Visual depiction of evolution of median prices in San Francisco for 0, 1, 2, and 3 bedrooms listings.
median_per_bed <- rent %>%
filter(beds <= 3, city == "san francisco") %>%
group_by(beds, year) %>%
summarize(median_price = median(price))
ggplot(median_per_bed, aes(x=year, y=median_price, color = factor(beds))) +
geom_line() +
facet_wrap(~beds, nrow = 1) +
labs(
title = "San Francisco rents have steadily been increasing",
subtitle = "0 to 3-bed listings, 2000-2018",
x=NULL,
y=NULL,
caption = "Source: Pennigton, Kate (2018). Bay Area Craiglist Rental Housing Posts, 2000-2018"
) +
xlim(2003,2018) +
theme_light() +
theme(legend.position="none") +
theme(plot.title = element_text(hjust = 0))+
theme(plot.subtitle = element_text(hjust = 0)) +
theme(strip.text.x = element_text(colour = "black")) +
theme(panel.border = element_rect(color = "black", fill = NA, size = 0.5)) +
theme(strip.background = element_rect(color = "black", size = 0.5))

Visualization of median rental prices for the top 12 cities in the Bay area.
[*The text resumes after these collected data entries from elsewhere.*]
(* With the notation of the context, every $\alpha$-communal $k$-tuple $\mathbf{g}$ can be written in exactly one way as \[ \mathbf{g}=\mathbf{b}(\mathbf{a})+\sum_{i=1}^k c_i\mathbf{x}_i \] with $\mathbf{a}\in\mathcal{A}$ and $c_1,\dots,c_k\in\mathbb{Z}_{\ge 0}$; moreover, for every $\mathbf{a}\in\mathcal{A}$ and all $c_i\in\mathbb{Z}_{\ge0}$ the right-hand side is an $\alpha$-communal $k$-tuple. Explicitly, if $\mathbf{g}=[g_1,\dots,g_k]$ with $g=\sum g_i$, then $a_j$ is the least nonnegative residue of $m_jg-n_jg_j$ modulo $A$ and $c_j=(m_jg-n_jg_j-a_j)/A$. Furthermore, the sum of the entries of $\mathbf{b}(\mathbf{a})$ equals $b(\mathbf{a})=\frac{N}{A}\sum_{i=1}^k\frac{a_i}{n_i}$.
   Context: Let $k\ge 2$ and let $\alpha_1,\dots,\alpha_k$ be nonnegative rational numbers such that the sum of any $k-1$ of them is at most $1$ and $\sum_i\alpha_i>1$. A $k$-tuple $[g_1,\dots,g_k]$ of integers is called $\alpha$-communal if $0\le g_i\le \alpha_i\sum_{j=1}^k g_j$ for every $i$. Write $\alpha_i=m_i/n_i$ in lowest terms with $n_i\ge 1$. Set $N=\prod_{i=1}^k n_i$, $A=N(\sum_{i=1}^k\alpha_i-1)$ (a positive integer), and $\hat\alpha_i=1-\sum_{j\ne i}\alpha_j$. For each $i$ define $\mathbf{x}_i=\frac{N}{n_i}[\alpha_1,\dots,\alpha_{i-1},\hat\alpha_i,\alpha_{i+1},\dots,\alpha_k]$, i.e. the $k$-tuple whose $j$-th entry is $\frac{N}{n_i}\alpha_j$ for $j\ne i$ and whose $i$-th entry is $\frac{N}{n_i}\hat\alpha_i$. Let $\mathcal{A}$ be the set of integer $k$-tuples $\mathbf{a}=(a_1,\dots,a_k)$ with $0\le a_i<A$ for all $i$ such that for every $1\le j\le k$ the integer $N\hat\alpha_j\frac{a_j}{n_j}+N\alpha_j\sum_{i\ne j}\frac{a_i}{n_i}$ is divisible by $A$. For $\mathbf{a}\in\mathcal{A}$ let $\mathbf{b}(\mathbf{a})=[b_1,\dots,b_k]=\sum_{i=1}^k\frac{a_i}{A}\mathbf{x}_i$, i.e. $b_j=\frac1A\left(N\hat\alpha_j\frac{a_j}{n_j}+N\alpha_j\sum_{i\ne j}\frac{a_i}{n_i}\right)$. *)

theory Defs
  imports Complex_Main
begin

text \<open>Tuples are indexed by 0..k-1 and represented as functions on nat; only
  the entries with index < k matter.\<close>

definition mnum :: "(nat \<Rightarrow> rat) \<Rightarrow> nat \<Rightarrow> int" where
  "mnum \<alpha> i = fst (quotient_of (\<alpha> i))"

definition nden :: "(nat \<Rightarrow> rat) \<Rightarrow> nat \<Rightarrow> int" where
  "nden \<alpha> i = snd (quotient_of (\<alpha> i))"

definition Nprod :: "nat \<Rightarrow> (nat \<Rightarrow> rat) \<Rightarrow> int" where
  "Nprod k \<alpha> = (\<Prod>i<k. nden \<alpha> i)"

text \<open>A = N (sum alpha - 1); under the hypotheses this rational is a positive integer,
  so taking the floor loses nothing.\<close>
definition Aint :: "nat \<Rightarrow> (nat \<Rightarrow> rat) \<Rightarrow> int" where
  "Aint k \<alpha> = \<lfloor>of_int (Nprod k \<alpha>) * ((\<Sum>i<k. \<alpha> i) - 1)\<rfloor>"

definition alpha_hat :: "nat \<Rightarrow> (nat \<Rightarrow> rat) \<Rightarrow> nat \<Rightarrow> rat" where
  "alpha_hat k \<alpha> i = 1 - (\<Sum>j\<in>{..<k} - {i}. \<alpha> j)"

definition communal :: "nat \<Rightarrow> (nat \<Rightarrow> rat) \<Rightarrow> (nat \<Rightarrow> int) \<Rightarrow> bool" where
  "communal k \<alpha> g \<longleftrightarrow>
     (\<forall>i<k. 0 \<le> g i \<and> of_int (g i) \<le> \<alpha> i * of_int (\<Sum>j<k. g j))"

definition xvec :: "nat \<Rightarrow> (nat \<Rightarrow> rat) \<Rightarrow> nat \<Rightarrow> nat \<Rightarrow> rat" where
  "xvec k \<alpha> i j = of_int (Nprod k \<alpha>) / of_int (nden \<alpha> i) *
      (if j = i then alpha_hat k \<alpha> i else \<alpha> j)"

definition bnum :: "nat \<Rightarrow> (nat \<Rightarrow> rat) \<Rightarrow> (nat \<Rightarrow> int) \<Rightarrow> nat \<Rightarrow> rat" where
  "bnum k \<alpha> a j = of_int (Nprod k \<alpha>) * alpha_hat k \<alpha> j * of_int (a j) / of_int (nden \<alpha> j)
     + of_int (Nprod k \<alpha>) * \<alpha> j * (\<Sum>i\<in>{..<k} - {j}. of_int (a i) / of_int (nden \<alpha> i))"

definition inA :: "nat \<Rightarrow> (nat \<Rightarrow> rat) \<Rightarrow> (nat \<Rightarrow> int) \<Rightarrow> bool" where
  "inA k \<alpha> a \<longleftrightarrow> (\<forall>i<k. 0 \<le> a i \<and> a i < Aint k \<alpha>) \<and>
     (\<forall>j<k. \<exists>z::int. bnum k \<alpha> a j = of_int (Aint k \<alpha>) * of_int z)"

definition bvec :: "nat \<Rightarrow> (nat \<Rightarrow> rat) \<Rightarrow> (nat \<Rightarrow> int) \<Rightarrow> nat \<Rightarrow> rat" where
  "bvec k \<alpha> a j = bnum k \<alpha> a j / of_int (Aint k \<alpha>)"

definition repr :: "nat \<Rightarrow> (nat \<Rightarrow> rat) \<Rightarrow> (nat \<Rightarrow> int) \<Rightarrow> (nat \<Rightarrow> int) \<Rightarrow> nat \<Rightarrow> rat" where
  "repr k \<alpha> a c j = bvec k \<alpha> a j + (\<Sum>i<k. of_int (c i) * xvec k \<alpha> i j)"

end

theory Submission
  imports Defs
begin

(* For an integer tuple g with entry sum s, the "slack" of coordinate j is
   t_j = m_j s - n_j g_j = n_j (alpha_j s - g_j), so g is alpha-communal iff g >= 0 and
   every slack is >= 0.  Conversely every integer vector t determines the rational tuple
     from_slack(t)_j = (N alpha_j / A) W(t) - t_j / n_j,   W(t) = sum_i t_i / n_i,
   whose entry sum is (N/A) W(t) and whose slacks are t again; thus g <-> slack(g) is a
   bijection.  The key computation is that b(a) + sum_i c_i x_i = from_slack(a + A c).
   Hence writing g = b(a) + sum c_i x_i with 0 <= a_i < A amounts to dividing each
   slack t_j with remainder by A, which gives existence and uniqueness; nonnegative
   slacks yield nonnegative entries (using alpha >= 0 and the bound on k-1 of the
   alpha's), which gives the converse; and the sum formula for b(a) is the entry-sum
   formula for from_slack(a).  Integrality of b(a) comes from the divisibility
   condition defining the set A, and integrality of the x_i from N being divisible
   by every n_i. *)

lemma nden_pos: "nden \<alpha> i > 0"
  unfolding nden_def by (rule quotient_of_denom_pos')

lemma nden_nonzero: "(of_int (nden \<alpha> i) :: rat) \<noteq> 0"
  using nden_pos[of \<alpha> i] by simp

lemma alpha_eq_frac: "\<alpha> i = of_int (mnum \<alpha> i) / of_int (nden \<alpha> i)"
  unfolding mnum_def nden_def by (metis prod.collapse quotient_of_div)

lemma Nprod_pos: "Nprod k \<alpha> > 0"
  unfolding Nprod_def by (rule prod_pos) (simp add: nden_pos)

lemma sum_remove_index: "i < (k::nat) \<Longrightarrow> (\<Sum>j\<in>{..<k} - {i}. f j) = (\<Sum>j<k. f j) - (f i :: rat)"
  by (simp add: sum_diff1)

lemma Nprod_split: "i < k \<Longrightarrow> Nprod k \<alpha> = nden \<alpha> i * (\<Prod>j\<in>{..<k} - {i}. nden \<alpha> j)"
  unfolding Nprod_def by (simp add: prod.remove)

lemma Nprod_alpha_int: "i < k \<Longrightarrow> of_int (Nprod k \<alpha>) * \<alpha> i
   = of_int (mnum \<alpha> i * (\<Prod>j\<in>{..<k} - {i}. nden \<alpha> j))"
proof -
  assume i: "i < k"
  show ?thesis
    by (subst Nprod_split[OF i], subst alpha_eq_frac[of \<alpha> i]) (use nden_pos[of \<alpha> i] in \<open>simp add: field_simps\<close>)
qed

lemma Nprod_div_alpha_Ints:
  assumes "i < k" "j < k" "i \<noteq> j"
  shows "of_int (Nprod k \<alpha>) / of_int (nden \<alpha> i) * \<alpha> j \<in> \<int>"
proof -
  have "(\<Prod>l\<in>{..<k} - {j}. nden \<alpha> l) = nden \<alpha> i * (\<Prod>l\<in>{..<k} - {j} - {i}. nden \<alpha> l)"
    using assms by (subst prod.remove[of _ i]) auto
  then have "of_int (Nprod k \<alpha>) / of_int (nden \<alpha> i) * \<alpha> j
     = (of_int (mnum \<alpha> j * (\<Prod>l\<in>{..<k} - {j} - {i}. nden \<alpha> l)) :: rat)"
    using Nprod_alpha_int[OF assms(2), of \<alpha>] nden_nonzero[of \<alpha> i] by (simp add: field_simps)
  then show ?thesis by (metis Ints_of_int)
qed

lemma Aint_eq: "of_int (Aint k \<alpha>) = of_int (Nprod k \<alpha>) * ((\<Sum>i<k. \<alpha> i) - 1)"
proof -
  have "of_int (Nprod k \<alpha>) * (\<Sum>i<k. \<alpha> i)
      = (\<Sum>i<k. of_int (mnum \<alpha> i * (\<Prod>j\<in>{..<k} - {i}. nden \<alpha> j)) :: rat)"
    unfolding sum_distrib_left by (rule sum.cong) (auto simp: Nprod_alpha_int)
  then have "of_int (Nprod k \<alpha>) * ((\<Sum>i<k. \<alpha> i) - 1)
     = (of_int ((\<Sum>i<k. mnum \<alpha> i * (\<Prod>j\<in>{..<k} - {i}. nden \<alpha> j)) - Nprod k \<alpha>) :: rat)"
    by (simp add: algebra_simps)
  then show ?thesis unfolding Aint_def by (simp only: floor_of_int)
qed

lemma alpha_hat_eq: "j < k \<Longrightarrow> alpha_hat k \<alpha> j = 1 - (\<Sum>i<k. \<alpha> i) + \<alpha> j"
  unfolding alpha_hat_def by (simp add: sum_remove_index)

lemma xvec_eq: "j < k \<Longrightarrow> xvec k \<alpha> i j = of_int (Nprod k \<alpha>) * \<alpha> j / of_int (nden \<alpha> i)
   - (if j = i then of_int (Aint k \<alpha>) / of_int (nden \<alpha> i) else 0)"
  unfolding xvec_def Aint_eq using nden_nonzero[of \<alpha> i] by (auto simp: alpha_hat_eq field_simps)

lemma xvec_Ints: assumes i: "i < k" and j: "j < k" shows "xvec k \<alpha> i j \<in> \<int>"
proof (cases "j = i")
  case True
  have "xvec k \<alpha> i i = of_int (Nprod k \<alpha>) / of_int (nden \<alpha> i)
      - (\<Sum>l\<in>{..<k} - {i}. of_int (Nprod k \<alpha>) / of_int (nden \<alpha> i) * \<alpha> l)"
    unfolding xvec_def alpha_hat_def by (simp add: right_diff_distrib sum_distrib_left)
  moreover have "of_int (Nprod k \<alpha>) / of_int (nden \<alpha> i) = (of_int (\<Prod>l\<in>{..<k} - {i}. nden \<alpha> l) :: rat)"
    using Nprod_split[OF i, of \<alpha>] nden_nonzero[of \<alpha> i] by simp
  moreover have "(\<Sum>l\<in>{..<k} - {i}. of_int (Nprod k \<alpha>) / of_int (nden \<alpha> i) * \<alpha> l) \<in> \<int>"
    by (rule Ints_sum, rule Nprod_div_alpha_Ints) (use i in auto)
  ultimately show ?thesis using True by (metis Ints_diff Ints_of_int)
next
  case False
  then show ?thesis using Nprod_div_alpha_Ints[OF i j] unfolding xvec_def by auto
qed

definition wsum :: "nat \<Rightarrow> (nat \<Rightarrow> rat) \<Rightarrow> (nat \<Rightarrow> int) \<Rightarrow> rat" where
  "wsum k \<alpha> t = (\<Sum>i<k. of_int (t i) / of_int (nden \<alpha> i))"

definition slack :: "nat \<Rightarrow> (nat \<Rightarrow> rat) \<Rightarrow> (nat \<Rightarrow> int) \<Rightarrow> nat \<Rightarrow> int" where
  "slack k \<alpha> g j = mnum \<alpha> j * (\<Sum>l<k. g l) - nden \<alpha> j * g j"

text \<open>The tuple whose slacks are t (see from_slack_slack and slack_from_slack).\<close>
definition from_slack :: "nat \<Rightarrow> (nat \<Rightarrow> rat) \<Rightarrow> (nat \<Rightarrow> int) \<Rightarrow> nat \<Rightarrow> rat" where
  "from_slack k \<alpha> t j = of_int (Nprod k \<alpha>) * \<alpha> j / of_int (Aint k \<alpha>) * wsum k \<alpha> t
     - of_int (t j) / of_int (nden \<alpha> j)"

lemma wsum_linear: "wsum k \<alpha> (\<lambda>i. a i + A * c i) = wsum k \<alpha> a + of_int A * wsum k \<alpha> c"
  unfolding wsum_def by (simp add: sum.distrib sum_distrib_left add_divide_distrib)

lemma slack_div_nden: "of_int (slack k \<alpha> g j) / of_int (nden \<alpha> j)
   = \<alpha> j * of_int (\<Sum>l<k. g l) - (of_int (g j) :: rat)"
  unfolding slack_def using nden_nonzero[of \<alpha> j] by (simp add: alpha_eq_frac[of \<alpha> j] field_simps)

lemma communal_iff_slack:
  "communal k \<alpha> g \<longleftrightarrow> (\<forall>i<k. 0 \<le> g i \<and> 0 \<le> slack k \<alpha> g i)"
proof -
  have "of_int (g i) \<le> \<alpha> i * of_int (\<Sum>j<k. g j) \<longleftrightarrow> 0 \<le> slack k \<alpha> g i" for i
  proof -
    have "0 \<le> slack k \<alpha> g i \<longleftrightarrow> 0 \<le> (of_int (slack k \<alpha> g i) / of_int (nden \<alpha> i) :: rat)"
      using nden_pos[of \<alpha> i] by (simp add: zero_le_divide_iff)
    then show ?thesis unfolding slack_div_nden by simp
  qed
  then show ?thesis unfolding communal_def by blast
qed

lemma sum_xvec: "j < k \<Longrightarrow> (\<Sum>i<k. of_int (c i) * xvec k \<alpha> i j)
   = of_int (Nprod k \<alpha>) * \<alpha> j * wsum k \<alpha> c - of_int (Aint k \<alpha>) * of_int (c j) / of_int (nden \<alpha> j)"
proof -
  assume j: "j < k"
  have "(\<Sum>i<k. of_int (c i) * xvec k \<alpha> i j) =
     (\<Sum>i<k. of_int (Nprod k \<alpha>) * \<alpha> j * (of_int (c i) / of_int (nden \<alpha> i))
      - (if i = j then of_int (Aint k \<alpha>) * of_int (c i) / of_int (nden \<alpha> i) else 0))"
    by (rule sum.cong) (auto simp: xvec_eq j nden_nonzero field_simps)
  then show ?thesis using j by (simp add: sum_subtractf sum_distrib_left wsum_def)
qed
cities_to_include <- rent %>%
group_by(city) %>%
summarize(number_ads = n()) %>%
slice_max(order_by = number_ads, n=12)
cities_to_include <- cities_to_include$city
median_per_bed <- rent %>%
filter(beds == 1, city %in% cities_to_include) %>%
group_by(city, year) %>%
summarize(median_price = median(price))
ggplot(median_per_bed, aes(x=year, y=median_price, color = factor(city))) +
geom_line() +
facet_wrap(~city, nrow = 3) +
labs(
title = "Rental prices for 1-bedroom flats in the Bay Area",
x=NULL,
y=NULL,
caption="Source: Pennigton, Kate (2018). Bay Area Craiglist Rental Housing Posts, 2000-2018"
) +
theme_light() +
theme(legend.position="none") +
theme(plot.title = element_text(hjust = 0)) +
theme(strip.text.x = element_text(colour = "black")) +
theme(panel.border = element_rect(color = "black", fill = NA, size = 0.5)) +
theme(strip.background = element_rect(color = "black", size = 0.5))

Inference
Looking at the graphs from the last exercise we can see that rental prices have increased since the year 2000. While one major cause could be inflation, it is also true that large tech companies have increased the attractiveness of the Bay Area making living there more expensive.
The figures also reveal that there has been a decline in the growth rate (or even negative growth) in the median rent after 2015. It could be due to the fact that more and more people are leaving California as the boom seems to lose momentum. A CNBC video outlines the reasons for this exodus of people.